I robbed Blueprint for his damn keytar.
I'm a crook with a deal.
Ayo, the bottom line is I'm a crook with a deal.
Nobody buys records, so I rob and steal.

I caught B. Dolan, his pockets were swollen.
I stuck Mega Ran for his Nintendo controllers.
I had Karma Kids takin' off their sh*t.
I need a new suit, so I robbed Warren Britt."

- Zilla Rocca on "Crook with a Deal" (Career Crooks)

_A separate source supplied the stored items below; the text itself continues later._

definition pure_diagram :: "nat \<Rightarrow> nat \<Rightarrow> nat set \<Rightarrow> nat \<Rightarrow> nat \<Rightarrow> real" where
  "pure_diagram n r I p q =
     (if int q \<noteq> int (dseq r I p) - int p then 0
      else fact (r - n) *
        (\<Prod>l\<in>{0..r-n} - {p}. 1 / \<bar>real (dseq r I l) - real (dseq r I p)\<bar>))"

definition kx :: "nat \<Rightarrow> (nat set \<Rightarrow> real) \<Rightarrow> nat \<Rightarrow> nat \<Rightarrow> nat \<Rightarrow> real" where
  "kx n x r p q = (\<Sum>I\<in>subsets_r n r. x I * pure_diagram n r I p q)"

definition Omega :: "nat \<Rightarrow> (nat set \<Rightarrow> real) measure" where
  "Omega n = (\<Pi>\<^sub>M I\<in>subsets_inf n. uniform_measure lborel {0..1::real})"

end

theory Submission
  imports Defs
begin

(* k_{p,q}(x;r) is a weighted sum \<Sum>_I x_I w_r(I) of independent uniform [0,1] variables, with
   weights w_r(I) = k_{p,q}(\<pi>(r,I)).  The proof has a deterministic and a probabilistic half.

   Deterministic: an entry of \<pi>(r,I) in column p is nonzero only in row q with d_p = p+q, and then
   equals (r-n)! \<prod>_{i\<in>I} |i-(p+q)| / ((p+q-1)! (r-p-q)!).  Summing over I factorises the column
   sum into a binomial coefficient times two elementary symmetric functions e_k(1..N), whose growth
   N^(2k) / (2^k k!) we determine.  The binomial factor is handled by a local limit theorem
   (de Moivre-Laplace), proved from Wallis' product.  Hence the normalised column sum W_r tends to
   2 exp (-a^2/2) (column_sum_limit).

   Probabilistic: every single weight is at most W_r / (\<kappa> r), so Hoeffding's inequality and
   Borel-Cantelli give a strong law of large numbers, \<Sum>_I x_I w_r(I) / W_r \<rightarrow> 1/2 almost
   surely (weighted_slln).  The theorem is the product of the two limits. *)

(* The elementary symmetric function e_k(1,...,N) of the first N positive integers, defined by
   the recursion e_{k+1}(1..N+1) = e_{k+1}(1..N) + (N+1) e_k(1..N). *)
fun esym :: "nat \<Rightarrow> nat \<Rightarrow> real" where
  "esym 0 N = 1"
| "esym (Suc k) 0 = 0"
| "esym (Suc k) (Suc N) = esym (Suc k) N + real (Suc N) * esym k N"

lemma power_diff_le:
  fixes X Y :: real assumes "0 \<le> Y" "Y \<le> X"
  shows "X^(Suc k) - Y^(Suc k) \<le> real (Suc k) * X^k * (X - Y)"
proof (induction k)
  case 0 then show ?case by simp
next
  case (Suc k)
  have "X^(Suc (Suc k)) - Y^(Suc (Suc k)) = X*(X^(Suc k) - Y^(Suc k)) + Y^(Suc k)*(X-Y)"
    by (simp add: algebra_simps)
  also have "\<dots> \<le> X*(real (Suc k) * X^k * (X - Y)) + X^(Suc k)*(X-Y)"
    using Suc assms by (intro add_mono mult_left_mono mult_right_mono power_mono) auto
  also have "\<dots> = real (Suc (Suc k)) * X^(Suc k) * (X-Y)" by (simp add: algebra_simps)
  finally show ?case .
qed
lemma prefix_edges_subset: "k \<le> n \<Longrightarrow> prefix_edges k \<subseteq> E"
  unfolding prefix_edges_def using edges_parts by auto

text \<open>Every vertex shared with an earlier part is a terminal, and terminals of earlier parts that
  lie in the next part coincide with its source.\<close>

lemma prefix_part_vertices:
  assumes k: "Suc k \<le> n"
  shows "prefix_vertices k \<inter> fst (H (Suc k)) \<subseteq> {x k}"
proof
  fix v assume v: "v \<in> prefix_vertices k \<inter> fst (H (Suc k))"
  then obtain j where j: "j \<le> n" "v = x j" "j = 0 \<or> (\<exists>i\<in>{1..k}. v \<in> fst (H i))"
    using parts_meet[of _ "Suc k"] k unfolding prefix_vertices_def by fastforce
  have "x j = x k \<or> x j = x (Suc k)"
    using terminal_in_part[of j "Suc k"] v j k by auto
  moreover obtain m where "m \<le> k" "x m = x j"
  proof (cases "j = 0")
    case False
    then obtain i where "i \<in> {1..k}" "x j = x (i-1) \<or> x j = x i"
      using terminal_in_part[of j] j k by fastforce
    then show ?thesis using that[of "i-1"] that[of i] by auto
  qed (use that in blast)
  ultimately show "v \<in> {x k}"
    using terminals_eq_last_step[of m k] j k by auto
qed

lemma prefix_part_edges: "Suc k \<le> n \<Longrightarrow> prefix_edges k \<inter> snd (H (Suc k)) = {}"
  unfolding prefix_edges_def using parts_meet[of _ "Suc k"] by fastforce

Last year, South Philly emcee, producer, occasional music writer, and Noir-Hop/"Cheesesteak Rap" originator Zilla Rocca (@ZillaRocca) joined forces with long-time friend, frequent collaborator, and Wrecking Crew producer Small Professor (@smallpro) to release Good Luck with That as Career Crooks; undoubtedly, one of the strongest rapper-producer albums I've had the pleasure to hear in recent years. Career Crooks have since released an exclusive Bandcamp-only companion EP entitled Take What's Coming. Zilla has since released a lyrical armory of solo stand-alone singles and non-album tracks, a few of which, were premiered right here at The Witzard. Just this year, Zilla Rocca has let loose a hard-hitting remix of DJ Manipulator & Conway The Machine's 2016 single "2 Drums," "98 Avirex Flow," and "99 Triple 5 Soul Flow" on Three Dollar Pistol Music.

Not only those, but Zilla Rocca recently unleashed his inaugural GRIFT COMPANY EP alongside long-time friend and collaborator Curly Castro. However, Zilla isn't exactly done just yet... he and Smalls are currently prepping a 12-track Career Crooks remix album dubbed Thieving As Long As I'm Breathing coming to URBNET this upcoming Thursday, June 14th. Said Career Crooks remix album will feature brand new mixes from both Zilla Rocca & Small Professor, as well as John Morrison, Fresh Kils, Wino Willy & Rolled Gold, Shane Great, and DJ Manipulator. Zilla additionally, plans to release a 90's Boom-Bap-inflected mixtape called '96 Mentality, as well as a long-overdue solo album he's calling Future Former Rapper.